lemma card_floor_divide_image_le:
  fixes v :: "'a \<Rightarrow> real" and w c T :: real
  assumes w: "w > 0" and T: "T \<ge> 0" and close: "\<And>y. y \<in> S \<Longrightarrow> \<bar>v y - c\<bar> \<le> w * T"
  shows "card ((\<lambda>x. \<lfloor>v x / w\<rfloor>) ` S) \<le> 2 * T + 3"
proof -
  have "(\<lambda>x. \<lfloor>v x / w\<rfloor>) ` S \<subseteq> {\<lfloor>c / w\<rfloor> - \<lceil>T\<rceil>..\<lfloor>c / w\<rfloor> + \<lceil>T\<rceil>}"
  proof
    fix r assume "r \<in> (\<lambda>x. \<lfloor>v x / w\<rfloor>) ` S"
    then obtain y where y: "y \<in> S" "r = \<lfloor>v y / w\<rfloor>"
      by blast
    then show "r \<in> {\<lfloor>c / w\<rfloor> - \<lceil>T\<rceil>..\<lfloor>c / w\<rfloor> + \<lceil>T\<rceil>}"
      using floor_divide_le_add_ceiling[OF w, of "v y" c T] floor_divide_le_add_ceiling[OF w, of c "v y" T]
        close[OF y(1)] by (simp add: abs_minus_commute)
  qed
  then have "card ((\<lambda>x. \<lfloor>v x / w\<rfloor>) ` S) \<le> card {\<lfloor>c / w\<rfloor> - \<lceil>T\<rceil>..\<lfloor>c / w\<rfloor> + \<lceil>T\<rceil>}"
    by (intro card_mono) simp_all
  moreover have "real (card {\<lfloor>c / w\<rfloor> - \<lceil>T\<rceil>..\<lfloor>c / w\<rfloor> + \<lceil>T\<rceil>}) = 2 * \<lceil>T\<rceil> + 1"
    using T by simp
  ultimately show ?thesis
    using ceiling_correct[of T] by linarith
qed

lemma card_column_rows_le:
  fixes f g h :: "real \<Rightarrow> real" and L :: real
  assumes w: "w > 0" and f: "continuous_on {0..1} f" and g: "continuous_on {0..1} g"
    and L: "L \<ge> 0"
    and lip: "\<forall>x\<in>{0..1}. \<forall>y\<in>{0..1}. \<bar>h x - h y\<bar> \<le> L * (\<bar>f x - f y\<bar> + \<bar>g x - g y\<bar>)"
    and i: "i \<in> (\<lambda>x. \<lfloor>x / w\<rfloor>) ` {0..1}"
  shows "card (column_rows w h i)
    \<le> (2 * L + 3) * (card (column_rows w f i) + card (column_rows w g i))"
proof -
  obtain x0 where x0: "x0 \<in> {0..1}" "\<lfloor>x0 / w\<rfloor> = i"
    using i by auto
  define T where "T = L * (card (column_rows w f i) + card (column_rows w g i))"
  have "\<bar>h y - h x0\<bar> \<le> w * T" if y: "y \<in> {0..1}" "\<lfloor>y / w\<rfloor> = i" for y
  proof -
    have "\<bar>h y - h x0\<bar> \<le> L * (\<bar>f y - f x0\<bar> + \<bar>g y - g x0\<bar>)"
      using lip y(1) x0(1) by blast
    also have "\<dots> \<le> L * (w * card (column_rows w f i) + w * card (column_rows w g i))"
      using abs_diff_le_card_column_rows[OF w f y x0] abs_diff_le_card_column_rows[OF w g y x0] L
      by (intro mult_left_mono add_mono) simp_all
    also have "\<dots> = w * T"
      unfolding T_def by (simp add: algebra_simps)
    finally show ?thesis .
  qed
  moreover have "T \<ge> 0"
    unfolding T_def using L by simp
  ultimately have "card (column_rows w h i) \<le> 2 * T + 3"
    unfolding column_rows_def by (intro card_floor_divide_image_le[OF w, of T _ _ "h x0"]) auto
  moreover have "column_rows w f i \<noteq> {}"
    using x0 unfolding column_rows_def by blast
  then have "card (column_rows w f i) \<ge> 1"
    using finite_column_rows[OF w f] by (simp add: Suc_le_eq card_gt_0_iff)
  ultimately show ?thesis
    unfolding T_def by (simp add: algebra_simps)
qed

lemma card_grid_cells_graph01_le:
  fixes f g h :: "real \<Rightarrow> real" and L :: real
  assumes w: "w > 0" and f: "continuous_on {0..1} f" and g: "continuous_on {0..1} g"
    and h: "continuous_on {0..1} h" and L: "L \<ge> 0"
    and lip: "\<forall>x\<in>{0..1}. \<forall>y\<in>{0..1}. \<bar>h x - h y\<bar> \<le> L * (\<bar>f x - f y\<bar> + \<bar>g x - g y\<bar>)"
  shows "card (grid_cell w ` graph01 h)
    \<le> (2 * L + 3) * (card (grid_cell w ` graph01 f) + card (grid_cell w ` graph01 g))"
proof -
  let ?I = "(\<lambda>x. \<lfloor>x / w\<rfloor>) ` {0..1::real}"
  have "real (card (grid_cell w ` graph01 h)) = (\<Sum>i\<in>?I. real (card (column_rows w h i)))"
    unfolding card_grid_cells_graph01[OF w h] by simp
  also have "\<dots> \<le> (\<Sum>i\<in>?I. (2 * L + 3) * (card (column_rows w f i) + card (column_rows w g i)))"
    by (intro sum_mono card_column_rows_le[OF w f g L lip])
  also have "\<dots> = (2 * L + 3) * (card (grid_cell w ` graph01 f) + card (grid_cell w ` graph01 g))"
    unfolding card_grid_cells_graph01[OF w f] card_grid_cells_graph01[OF w g]
    by (simp add: sum_distrib_left sum.distrib distrib_left)
  finally show ?thesis .
qed

lemma cover_num_graph01_le:
  fixes f g h :: "real \<Rightarrow> real" and L :: real
  assumes \<delta>: "\<delta> > 0" and f: "continuous_on {0..1} f" and g: "continuous_on {0..1} g"
    and h: "continuous_on {0..1} h" and L: "L \<ge> 0"
    and lip: "\<forall>x\<in>{0..1}. \<forall>y\<in>{0..1}. \<bar>h x - h y\<bar> \<le> L * (\<bar>f x - f y\<bar> + \<bar>g x - g y\<bar>)"
  shows "real (cover_num \<delta> (graph01 h))
    \<le> 50 * (2 * L + 3) * max (real (cover_num \<delta> (graph01 f))) (real (cover_num \<delta> (graph01 g)))"
proof -
  define w where "w = \<delta> / 2"
  have w: "w > 0" and \<delta>_eq: "\<delta> = 2 * w"
    using \<delta> unfolding w_def by simp_all
  have "real (cover_num \<delta> (graph01 h)) \<le> card (grid_cell w ` graph01 h)"
    unfolding \<delta>_eq using cover_num_le_card_grid_cells[OF w bounded_graph01[OF h]] by simp
  also have "\<dots> \<le> (2 * L + 3) * (card (grid_cell w ` graph01 f) + card (grid_cell w ` graph01 g))"
    by (rule card_grid_cells_graph01_le[OF w f g h L lip])
  also have "\<dots> \<le> (2 * L + 3) * (25 * cover_num \<delta> (graph01 f) + 25 * cover_num \<delta> (graph01 g))"
  proof -
    have "card (grid_cell w ` graph01 f) + card (grid_cell w ` graph01 g)
        \<le> 25 * cover_num \<delta> (graph01 f) + 25 * cover_num \<delta> (graph01 g)"
      unfolding \<delta>_eq
      using card_grid_cells_le_cover_num[OF w bounded_graph01[OF f]]
        card_grid_cells_le_cover_num[OF w bounded_graph01[OF g]] by (rule add_mono)
    then show ?thesis
      using L by (intro mult_left_mono) (simp_all flip: of_nat_add of_nat_mult)
  qed
  also have "\<dots> \<le> (2 * L + 3) * (50 * max (real (cover_num \<delta> (graph01 f))) (real (cover_num \<delta> (graph01 g))))"
    using L by (intro mult_left_mono) (simp_all add: max_def)
  also have "\<dots> = 50 * (2 * L + 3) * max (real (cover_num \<delta> (graph01 f))) (real (cover_num \<delta> (graph01 g)))"
    by simp
  finally show ?thesis .
qed
lemma scoped_reg_hstep:
  assumes "scoped_reg k g Ls t" and "hstep t = Some t'"
  shows "scoped_reg k g Ls t'"
proof (cases t)
  case (ACase p qs bs)
  then obtain tys b where "p = Lam tys b" "length tys = length qs" "t' = MCase (inst b qs) bs"
    using assms(2) by (auto simp: hstep_def split: tm.splits if_splits)
  then show ?thesis using assms(1) ACase scoped_reg_inst[of k g qs Ls b] by simp
next
  case (MCase s bs)
  then show ?thesis using assms by (cases s) (auto simp: hstep_def)
qed (use assms in \<open>auto simp: hstep_def\<close>)

lemma scoped_reg_hiter: "scoped_reg k g Ls t \<Longrightarrow> scoped_reg k g Ls (hiter n t)"
  by (induction n) (auto split: option.splits intro: scoped_reg_hstep)

lemma scoped_reg_pre_eval: "scoped_reg k g Ls t \<Longrightarrow> scoped_reg k g Ls (pre_eval t)"
  by (auto simp: pre_eval_def hnorm_def scoped_reg_hiter split: tm.splits)

lemma scoped_reg_eval:
  assumes "scoped_reg k g Ls t"
  shows "scoped_reg k g Ls (eval t)"
proof -
  define X where "X L u \<longleftrightarrow> (\<exists>t. u = eval t \<and> scoped_reg k g L t)" for L u
  have "X Ls (eval t)" using assms unfolding X_def by blast
  then show ?thesis
  proof (induction rule: scoped_reg_coinduct)
    case (step L u)
    then obtain t where u: "u = eval t" and t: "scoped_reg k g L (pre_eval t)"
      unfolding X_def using scoped_reg_pre_eval by blast
    show ?case
      using t unfolding u X_def
      by (cases "pre_eval t") (auto simp: eval.code scoped_reg_step_def)
  qed
qed

lemma scoped_reg_close:
  assumes "scoped_reg k g L (Lam tys e)" and "lv (snd x) \<le> k"
  shows "scoped_reg k g L (close x (Lam tys e))"
proof -
  let ?\<rho> = "\<lambda>d v. case v of
          FV y \<Rightarrow> (if y = x then Inl (BV d 0) else Inl (FV y))
        | BV i j \<Rightarrow> (if i = d then Inl (BV d (Suc j)) else Inl (BV i j))"
  have "scoped_reg k g (Suc (length tys) # L) (vmap ?\<rho> 0 e)"
  proof (rule scoped_reg_vmap[where Bin = "length tys # L"])
    fix A v
    assume "reg_vr k g (A @ length tys # L) v"
    then show "case ?\<rho> (length A) v of Inl v' \<Rightarrow> reg_vr k g (A @ Suc (length tys) # L) v'
        | Inr q \<Rightarrow> scoped_reg k g (A @ Suc (length tys) # L) q"
      using assms(2) by (cases v) (auto simp: reg_vr_def nth_append)
  qed (use assms(1) in simp)
  then show ?thesis using assms by (simp add: close_def)
qed

lemma rr_Lam: "rr f b (Lam tys e) = Lam tys (rr f b e)"
  by (subst rr.code) (simp add: rr_pre_def rr_mode_def)

lemma scoped_reg_replace_leaves:
  assumes "scoped_reg k g L t" and "\<And>i L. scoped_reg k g L (f i)"
  shows "scoped_reg k g L (replace_leaves t f)"
proof -
  define X where "X L u \<longleftrightarrow> (\<exists>b t. u = rr f b t \<and> scoped_reg k g L t)" for L u
  have "X L (rr f True t)" using assms unfolding X_def by blast
  then have "scoped_reg k g L (rr f True t)"
  proof (induction rule: scoped_reg_coinduct)
    case (step L u)
    then obtain b t where u: "u = rr f b t" and t: "scoped_reg k g L t" unfolding X_def by blast
    then have "scoped_reg k g L (rr_pre f b t)"
      using assms(2) by (auto simp: rr_pre_def split: tm.splits)
    then show ?case
      unfolding u X_def by (cases "rr_pre f b t") (auto simp: rr.code scoped_reg_step_def)
  qed
  then show ?thesis by (simp add: replace_leaves_def)
qed

lemma circ_simps:
  "circ d (Lam tys b) = Lam tys (circ (Suc d) b)"
  "circ d Bot = Bot"
  "circ d (Num n) = Num n"
  "circ d (VCase v qs bs) =
     (if \<exists>j. v = BV d j then Bot else VCase v (map (circ d) qs) (circ d \<circ> bs))"
  "circ d (ACase p qs bs) = ACase (circ d p) (map (circ d) qs) (circ d \<circ> bs)"
  "circ d (MCase s bs) = MCase (circ d s) (circ d \<circ> bs)"
  by (subst circ.code; auto)+

lemma scoped_reg_circ:
  assumes "scoped_reg k g (A @ [a]) t"
  shows "scoped_reg k g A (circ (length A) t)"
proof -
  define X where "X L u \<longleftrightarrow> (\<exists>t. u = circ (length L) t \<and> scoped_reg k g (L @ [a]) t)" for L u
  have "X A (circ (length A) t)" using assms unfolding X_def by blast
  then show ?thesis
  proof (induction rule: scoped_reg_coinduct)
    case (step L u)
    then obtain t where u: "u = circ (length L) t" and t: "scoped_reg k g (L @ [a]) t"
      unfolding X_def by blast
    show ?case
    proof (cases t)
      case (Lam tys b)
      then show ?thesis using t unfolding u X_def by (auto simp: circ_simps scoped_reg_step_def)
    next
      case (VCase v qs bs)
      show ?thesis
      proof (cases "\<exists>j. v = BV (length L) j")
        case False
        then have "reg_vr k g L v" using t VCase
          by (cases v) (auto simp: reg_vr_def nth_append less_Suc_eq)
        then show ?thesis
          using False t VCase unfolding u X_def by (auto simp: circ_simps scoped_reg_step_def)
      qed (simp add: u VCase circ_simps scoped_reg_step_def)
    qed (use t in \<open>auto simp: u X_def circ_simps scoped_reg_step_def\<close>)
  qed
qed
lemma card_zeros_eq_sum_slices:
  fixes \<phi> :: "('a::{field,finite}) \<times> 'a \<times> 'a \<Rightarrow> 'a"
  assumes "\<phi> (0,0,1) = 0" "\<And>z. \<phi> (0,1,z) \<noteq> 0"
  shows "card {p\<in>P2. \<phi> p = 0} = (\<Sum>c\<in>UNIV. card {z. \<phi> (1,c,z) = 0}) + 1"
proof -
  define A where "A = Sigma UNIV (\<lambda>c. {z. \<phi> (1,c,z) = 0})"
  have "{p\<in>P2. \<phi> p = 0} = insert (0,0,1) ((\<lambda>(c, z). (1, c, z)) ` A)"
    using assms by (auto simp: P2_def A_def)
  moreover have "inj_on (\<lambda>(c, z). (1::'a, c, z)) A"
    by (auto simp: inj_on_def)
  moreover have "(0,0,1) \<notin> (\<lambda>(c, z). (1 :: 'a, c, z)) ` A"
    by auto
  ultimately have "card {p\<in>P2. \<phi> p = 0} = card A + 1"
    by (simp add: card_image)
  then show ?thesis
    by (simp add: A_def card_SigmaI)
qed

lemma has_linear_factor_if_slice_vanishes:
  fixes \<phi> :: "('a::{field,finite}) \<times> 'a \<times> 'a \<Rightarrow> 'a"
  assumes \<phi>: "is_form d \<phi>" and d: "d < CARD('a)" and "\<phi> (0,0,1) = 0"
    and slice: "\<And>z. \<phi> (1,c,z) = 0"
  shows "has_linear_factor d \<phi>"
proof (rule has_linear_factor_if_vanishes_on_line[OF \<phi> d])
  show "(- c, 1 :: 'a, 0 :: 'a) \<noteq> (0, 0, 0)" by simp
  fix v :: "'a \<times> 'a \<times> 'a" assume "dot3 (- c, 1, 0) v = 0"
  then obtain x z where v: "v = (x, c * x, z)"
    by (cases v) (auto simp: algebra_simps)
  show "\<phi> v = 0"
  proof (cases "x = 0")
    case True
    then show ?thesis
      using is_form_homogeneous[OF \<phi>, of z 0 0 1] \<open>\<phi> (0,0,1) = 0\<close> by (simp add: v)
  next
    case False
    then show ?thesis
      using is_form_homogeneous[OF \<phi>, of x 1 c "z / x"] slice[of "z / x"] by (simp add: v mult.commute)
  qed
qed

lemma sum_eq_card_times_bound:
  fixes f :: "'a \<Rightarrow> nat"
  assumes "finite A" "\<And>a. a \<in> A \<Longrightarrow> f a \<le> B" "sum f A = card A * B" "a \<in> A"
  shows "f a = B"
proof (rule ccontr)
  assume "f a \<noteq> B"
  then have "sum f A < sum (\<lambda>_. B) A"
    using assms by (intro sum_strict_mono_ex1) (auto simp: le_less)
  then show False using assms(3) by simp
qed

*GOAL OF THE EXERCISE*: Take from the listing every line in which the word "cases" appears.

*SOLUTION FOR THIS TASK*:
proof (cases t)
  then show ?thesis using assms by (cases s) (auto simp: hstep_def)
      by (cases "pre_eval t") (auto simp: eval.code scoped_reg_step_def)
      using assms(2) by (cases v) (auto simp: reg_vr_def nth_append)
      unfolding u X_def by (cases "rr_pre f b t") (auto simp: rr.code scoped_reg_step_def)
    proof (cases t)
      proof (cases "\<exists>j. v = BV (length L) j")
          by (cases v) (auto simp: reg_vr_def nth_append less_Suc_eq)
    by (cases v) (auto simp: algebra_simps)
  proof (cases "x = 0")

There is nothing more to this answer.